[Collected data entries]
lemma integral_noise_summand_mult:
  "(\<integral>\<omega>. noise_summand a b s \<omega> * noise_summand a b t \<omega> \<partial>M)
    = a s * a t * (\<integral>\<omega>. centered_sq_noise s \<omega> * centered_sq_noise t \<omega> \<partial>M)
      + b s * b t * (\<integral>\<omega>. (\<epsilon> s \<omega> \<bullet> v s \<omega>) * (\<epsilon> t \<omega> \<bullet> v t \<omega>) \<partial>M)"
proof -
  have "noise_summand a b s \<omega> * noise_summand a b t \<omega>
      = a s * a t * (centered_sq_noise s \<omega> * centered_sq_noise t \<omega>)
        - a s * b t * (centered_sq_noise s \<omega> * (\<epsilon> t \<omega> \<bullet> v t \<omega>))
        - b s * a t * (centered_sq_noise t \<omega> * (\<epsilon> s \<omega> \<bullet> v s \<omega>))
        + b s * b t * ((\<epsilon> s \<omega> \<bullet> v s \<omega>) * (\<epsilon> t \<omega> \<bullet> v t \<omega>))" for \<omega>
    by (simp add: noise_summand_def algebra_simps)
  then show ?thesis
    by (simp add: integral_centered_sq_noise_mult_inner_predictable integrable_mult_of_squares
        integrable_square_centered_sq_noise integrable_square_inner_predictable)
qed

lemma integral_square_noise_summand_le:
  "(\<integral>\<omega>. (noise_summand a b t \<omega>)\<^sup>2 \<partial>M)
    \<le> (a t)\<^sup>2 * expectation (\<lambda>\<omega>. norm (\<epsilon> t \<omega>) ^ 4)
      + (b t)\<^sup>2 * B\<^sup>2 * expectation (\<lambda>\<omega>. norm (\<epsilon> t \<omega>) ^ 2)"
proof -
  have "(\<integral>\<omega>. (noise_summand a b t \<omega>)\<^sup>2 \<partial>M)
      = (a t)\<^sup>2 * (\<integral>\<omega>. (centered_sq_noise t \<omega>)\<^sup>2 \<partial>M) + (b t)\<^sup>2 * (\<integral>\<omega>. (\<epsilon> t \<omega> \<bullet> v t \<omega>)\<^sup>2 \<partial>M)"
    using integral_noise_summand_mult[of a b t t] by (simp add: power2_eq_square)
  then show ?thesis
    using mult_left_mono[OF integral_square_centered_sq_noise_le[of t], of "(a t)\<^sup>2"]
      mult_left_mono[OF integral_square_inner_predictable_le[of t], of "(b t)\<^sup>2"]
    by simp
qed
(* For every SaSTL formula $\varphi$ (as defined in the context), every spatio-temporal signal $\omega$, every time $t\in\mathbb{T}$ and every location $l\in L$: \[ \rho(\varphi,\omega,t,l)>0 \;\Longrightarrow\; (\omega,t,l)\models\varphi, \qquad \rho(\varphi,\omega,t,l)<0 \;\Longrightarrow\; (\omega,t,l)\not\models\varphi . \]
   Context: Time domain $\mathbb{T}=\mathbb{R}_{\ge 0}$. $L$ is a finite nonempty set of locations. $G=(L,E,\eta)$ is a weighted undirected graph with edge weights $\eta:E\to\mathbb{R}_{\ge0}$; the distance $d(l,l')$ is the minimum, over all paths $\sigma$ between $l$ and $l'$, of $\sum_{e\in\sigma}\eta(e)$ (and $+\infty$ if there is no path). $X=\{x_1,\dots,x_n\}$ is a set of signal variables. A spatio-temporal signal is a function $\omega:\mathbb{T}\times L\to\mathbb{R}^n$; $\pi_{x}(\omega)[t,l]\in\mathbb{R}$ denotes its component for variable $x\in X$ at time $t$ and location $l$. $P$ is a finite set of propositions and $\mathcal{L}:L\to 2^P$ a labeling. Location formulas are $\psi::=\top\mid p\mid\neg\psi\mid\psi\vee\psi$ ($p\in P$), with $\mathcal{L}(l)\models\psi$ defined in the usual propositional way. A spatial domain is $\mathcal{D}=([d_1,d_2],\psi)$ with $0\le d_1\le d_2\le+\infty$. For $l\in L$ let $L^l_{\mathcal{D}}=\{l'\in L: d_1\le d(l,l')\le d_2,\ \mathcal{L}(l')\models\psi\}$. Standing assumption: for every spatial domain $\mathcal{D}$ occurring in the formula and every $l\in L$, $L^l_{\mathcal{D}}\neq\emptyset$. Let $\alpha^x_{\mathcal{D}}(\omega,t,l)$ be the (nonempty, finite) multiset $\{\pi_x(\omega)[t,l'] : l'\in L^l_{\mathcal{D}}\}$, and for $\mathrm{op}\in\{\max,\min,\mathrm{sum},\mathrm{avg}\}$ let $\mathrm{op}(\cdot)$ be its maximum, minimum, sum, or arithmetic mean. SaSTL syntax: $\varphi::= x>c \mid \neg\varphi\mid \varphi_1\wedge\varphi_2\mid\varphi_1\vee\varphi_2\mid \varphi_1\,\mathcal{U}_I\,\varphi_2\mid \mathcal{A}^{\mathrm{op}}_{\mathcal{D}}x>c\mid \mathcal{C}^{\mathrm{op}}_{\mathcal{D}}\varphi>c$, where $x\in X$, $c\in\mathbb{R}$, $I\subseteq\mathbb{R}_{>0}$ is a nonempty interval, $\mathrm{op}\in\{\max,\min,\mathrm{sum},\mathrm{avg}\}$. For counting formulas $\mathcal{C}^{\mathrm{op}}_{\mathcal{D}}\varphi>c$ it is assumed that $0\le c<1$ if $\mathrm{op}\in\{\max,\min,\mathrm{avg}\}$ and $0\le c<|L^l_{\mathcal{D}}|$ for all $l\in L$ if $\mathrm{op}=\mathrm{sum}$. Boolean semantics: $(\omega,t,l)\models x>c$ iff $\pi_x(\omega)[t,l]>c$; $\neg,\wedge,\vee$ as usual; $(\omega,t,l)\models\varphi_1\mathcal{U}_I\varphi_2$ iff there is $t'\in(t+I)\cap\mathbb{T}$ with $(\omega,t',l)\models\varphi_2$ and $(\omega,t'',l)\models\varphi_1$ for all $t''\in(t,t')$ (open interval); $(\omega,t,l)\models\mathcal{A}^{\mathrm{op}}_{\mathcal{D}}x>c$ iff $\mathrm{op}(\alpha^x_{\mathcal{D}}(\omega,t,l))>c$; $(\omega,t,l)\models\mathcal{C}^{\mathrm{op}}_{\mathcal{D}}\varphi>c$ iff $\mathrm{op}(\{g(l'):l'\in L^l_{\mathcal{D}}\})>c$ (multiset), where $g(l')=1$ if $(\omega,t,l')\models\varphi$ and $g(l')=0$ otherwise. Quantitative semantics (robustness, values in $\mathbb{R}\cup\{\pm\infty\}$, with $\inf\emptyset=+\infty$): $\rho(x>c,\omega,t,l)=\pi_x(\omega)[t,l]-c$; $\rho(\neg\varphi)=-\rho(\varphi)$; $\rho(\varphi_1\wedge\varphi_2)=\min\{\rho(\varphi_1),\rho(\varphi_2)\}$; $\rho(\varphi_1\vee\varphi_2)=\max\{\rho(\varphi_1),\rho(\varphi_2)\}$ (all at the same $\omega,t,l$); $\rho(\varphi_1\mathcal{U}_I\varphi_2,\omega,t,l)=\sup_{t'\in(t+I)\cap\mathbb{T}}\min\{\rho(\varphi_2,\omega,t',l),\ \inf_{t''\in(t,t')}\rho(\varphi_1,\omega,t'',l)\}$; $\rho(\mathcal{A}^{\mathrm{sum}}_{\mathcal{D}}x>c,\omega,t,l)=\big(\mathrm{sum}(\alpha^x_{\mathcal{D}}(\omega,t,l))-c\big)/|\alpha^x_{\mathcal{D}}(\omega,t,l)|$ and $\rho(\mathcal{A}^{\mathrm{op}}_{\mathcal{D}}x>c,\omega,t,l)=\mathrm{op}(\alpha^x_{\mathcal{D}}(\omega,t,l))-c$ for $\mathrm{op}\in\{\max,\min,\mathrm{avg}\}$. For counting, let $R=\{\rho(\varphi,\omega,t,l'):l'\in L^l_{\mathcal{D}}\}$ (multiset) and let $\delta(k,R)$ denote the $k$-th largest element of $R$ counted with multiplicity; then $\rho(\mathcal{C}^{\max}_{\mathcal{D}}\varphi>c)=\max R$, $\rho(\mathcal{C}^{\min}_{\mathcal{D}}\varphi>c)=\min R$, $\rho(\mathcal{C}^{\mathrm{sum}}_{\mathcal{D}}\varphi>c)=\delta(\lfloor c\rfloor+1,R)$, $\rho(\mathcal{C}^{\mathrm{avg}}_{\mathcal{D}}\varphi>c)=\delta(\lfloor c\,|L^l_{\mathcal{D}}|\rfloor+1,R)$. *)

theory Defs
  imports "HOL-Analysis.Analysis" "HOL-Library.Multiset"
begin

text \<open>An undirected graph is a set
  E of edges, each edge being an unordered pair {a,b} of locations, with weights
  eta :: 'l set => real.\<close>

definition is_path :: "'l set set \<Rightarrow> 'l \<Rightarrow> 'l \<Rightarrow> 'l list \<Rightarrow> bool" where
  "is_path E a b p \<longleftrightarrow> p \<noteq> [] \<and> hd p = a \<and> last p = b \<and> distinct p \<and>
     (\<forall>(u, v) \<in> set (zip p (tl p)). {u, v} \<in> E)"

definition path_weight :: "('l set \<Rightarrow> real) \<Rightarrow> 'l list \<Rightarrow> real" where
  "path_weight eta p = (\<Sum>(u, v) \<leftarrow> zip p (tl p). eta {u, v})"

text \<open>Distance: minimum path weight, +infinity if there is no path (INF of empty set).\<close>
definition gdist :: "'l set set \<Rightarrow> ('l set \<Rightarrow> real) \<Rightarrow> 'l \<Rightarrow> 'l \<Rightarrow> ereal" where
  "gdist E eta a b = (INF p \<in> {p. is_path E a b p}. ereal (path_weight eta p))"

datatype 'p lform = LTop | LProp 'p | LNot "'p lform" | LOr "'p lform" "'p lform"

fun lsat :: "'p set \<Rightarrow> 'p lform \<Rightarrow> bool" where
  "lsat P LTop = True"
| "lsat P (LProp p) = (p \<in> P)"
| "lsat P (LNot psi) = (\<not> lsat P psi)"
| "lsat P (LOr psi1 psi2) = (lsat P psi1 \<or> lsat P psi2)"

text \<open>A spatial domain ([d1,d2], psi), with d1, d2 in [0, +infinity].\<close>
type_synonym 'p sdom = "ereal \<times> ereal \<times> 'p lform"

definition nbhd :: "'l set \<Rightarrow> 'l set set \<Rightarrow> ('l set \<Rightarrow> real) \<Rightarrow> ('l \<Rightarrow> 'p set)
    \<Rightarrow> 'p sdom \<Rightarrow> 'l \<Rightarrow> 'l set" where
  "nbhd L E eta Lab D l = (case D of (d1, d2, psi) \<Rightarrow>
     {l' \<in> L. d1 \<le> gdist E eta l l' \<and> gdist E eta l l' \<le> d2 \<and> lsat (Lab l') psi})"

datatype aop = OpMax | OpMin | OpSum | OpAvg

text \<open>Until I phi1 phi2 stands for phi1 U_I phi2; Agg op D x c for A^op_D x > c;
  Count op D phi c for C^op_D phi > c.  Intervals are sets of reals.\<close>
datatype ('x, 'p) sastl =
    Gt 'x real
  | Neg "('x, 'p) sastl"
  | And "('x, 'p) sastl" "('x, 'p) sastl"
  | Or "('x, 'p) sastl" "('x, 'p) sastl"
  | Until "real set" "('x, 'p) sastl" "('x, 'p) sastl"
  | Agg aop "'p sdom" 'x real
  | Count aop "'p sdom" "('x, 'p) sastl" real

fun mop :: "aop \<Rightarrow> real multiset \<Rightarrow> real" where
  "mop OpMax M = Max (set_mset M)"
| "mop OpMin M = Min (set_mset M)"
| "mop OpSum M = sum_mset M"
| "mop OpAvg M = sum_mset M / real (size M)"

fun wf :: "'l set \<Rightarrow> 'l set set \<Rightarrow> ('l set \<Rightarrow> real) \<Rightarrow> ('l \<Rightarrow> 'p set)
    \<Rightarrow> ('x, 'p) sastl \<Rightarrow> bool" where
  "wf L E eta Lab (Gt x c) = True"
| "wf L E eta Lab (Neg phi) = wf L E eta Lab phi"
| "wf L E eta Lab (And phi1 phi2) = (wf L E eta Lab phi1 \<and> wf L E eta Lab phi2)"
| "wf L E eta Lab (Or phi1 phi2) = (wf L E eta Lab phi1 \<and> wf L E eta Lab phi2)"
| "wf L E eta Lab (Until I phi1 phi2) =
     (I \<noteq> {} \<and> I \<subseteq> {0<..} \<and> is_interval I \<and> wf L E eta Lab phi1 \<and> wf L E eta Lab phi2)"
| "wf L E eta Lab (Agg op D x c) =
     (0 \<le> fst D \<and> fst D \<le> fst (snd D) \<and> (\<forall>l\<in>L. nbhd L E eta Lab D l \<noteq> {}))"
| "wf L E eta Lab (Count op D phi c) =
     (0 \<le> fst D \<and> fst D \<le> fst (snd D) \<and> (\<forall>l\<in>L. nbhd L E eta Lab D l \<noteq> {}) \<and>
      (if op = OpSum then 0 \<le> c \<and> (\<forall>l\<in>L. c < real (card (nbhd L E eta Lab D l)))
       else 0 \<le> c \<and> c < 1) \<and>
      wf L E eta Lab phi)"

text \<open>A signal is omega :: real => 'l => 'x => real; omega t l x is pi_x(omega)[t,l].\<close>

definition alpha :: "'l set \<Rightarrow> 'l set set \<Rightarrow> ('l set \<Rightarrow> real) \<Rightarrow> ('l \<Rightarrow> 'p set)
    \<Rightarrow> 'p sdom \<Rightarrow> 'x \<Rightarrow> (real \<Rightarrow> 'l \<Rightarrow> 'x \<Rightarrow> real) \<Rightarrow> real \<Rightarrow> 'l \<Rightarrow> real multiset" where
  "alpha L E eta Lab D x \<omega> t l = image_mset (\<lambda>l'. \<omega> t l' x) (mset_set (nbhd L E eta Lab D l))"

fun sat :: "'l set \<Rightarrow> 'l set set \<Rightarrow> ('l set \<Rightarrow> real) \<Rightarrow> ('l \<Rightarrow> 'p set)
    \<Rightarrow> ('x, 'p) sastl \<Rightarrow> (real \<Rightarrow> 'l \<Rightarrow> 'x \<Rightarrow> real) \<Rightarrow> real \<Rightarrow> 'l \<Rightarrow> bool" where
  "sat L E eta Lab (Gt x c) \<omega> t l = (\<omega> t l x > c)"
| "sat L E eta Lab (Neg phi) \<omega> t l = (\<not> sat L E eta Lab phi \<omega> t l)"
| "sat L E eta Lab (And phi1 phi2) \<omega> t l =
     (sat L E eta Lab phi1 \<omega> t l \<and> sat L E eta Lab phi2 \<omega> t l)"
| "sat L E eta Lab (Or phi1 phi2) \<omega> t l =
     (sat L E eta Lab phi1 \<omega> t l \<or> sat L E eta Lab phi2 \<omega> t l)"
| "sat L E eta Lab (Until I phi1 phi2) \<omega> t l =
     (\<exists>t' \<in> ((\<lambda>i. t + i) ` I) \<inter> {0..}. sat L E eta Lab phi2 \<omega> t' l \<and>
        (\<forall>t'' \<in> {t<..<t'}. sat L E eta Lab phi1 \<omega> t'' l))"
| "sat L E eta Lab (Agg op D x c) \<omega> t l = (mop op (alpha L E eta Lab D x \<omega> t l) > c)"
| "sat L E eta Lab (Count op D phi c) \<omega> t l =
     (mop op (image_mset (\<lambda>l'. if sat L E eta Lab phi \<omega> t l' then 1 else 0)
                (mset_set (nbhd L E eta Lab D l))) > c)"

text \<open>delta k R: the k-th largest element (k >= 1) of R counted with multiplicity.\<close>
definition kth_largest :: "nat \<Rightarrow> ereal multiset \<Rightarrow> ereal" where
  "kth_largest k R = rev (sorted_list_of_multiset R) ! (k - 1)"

◆ Work to be completed
The lines above, from the first through the one containing "s \<omega> * centered_sq_noise t \<omega>)", must be restated word for word, with nothing added.

◆ Reply to the task
lemma integral_noise_summand_mult:
  "(\<integral>\<omega>. noise_summand a b s \<omega> * noise_summand a b t \<omega> \<partial>M)
    = a s * a t * (\<integral>\<omega>. centered_sq_noise s \<omega> * centered_sq_noise t \<omega> \<partial>M)
      + b s * b t * (\<integral>\<omega>. (\<epsilon> s \<omega> \<bullet> v s \<omega>) * (\<epsilon> t \<omega> \<bullet> v t \<omega>) \<partial>M)"
proof -
  have "noise_summand a b s \<omega> * noise_summand a b t \<omega>
      = a s * a t * (centered_sq_noise s \<omega> * centered_sq_noise t \<omega>)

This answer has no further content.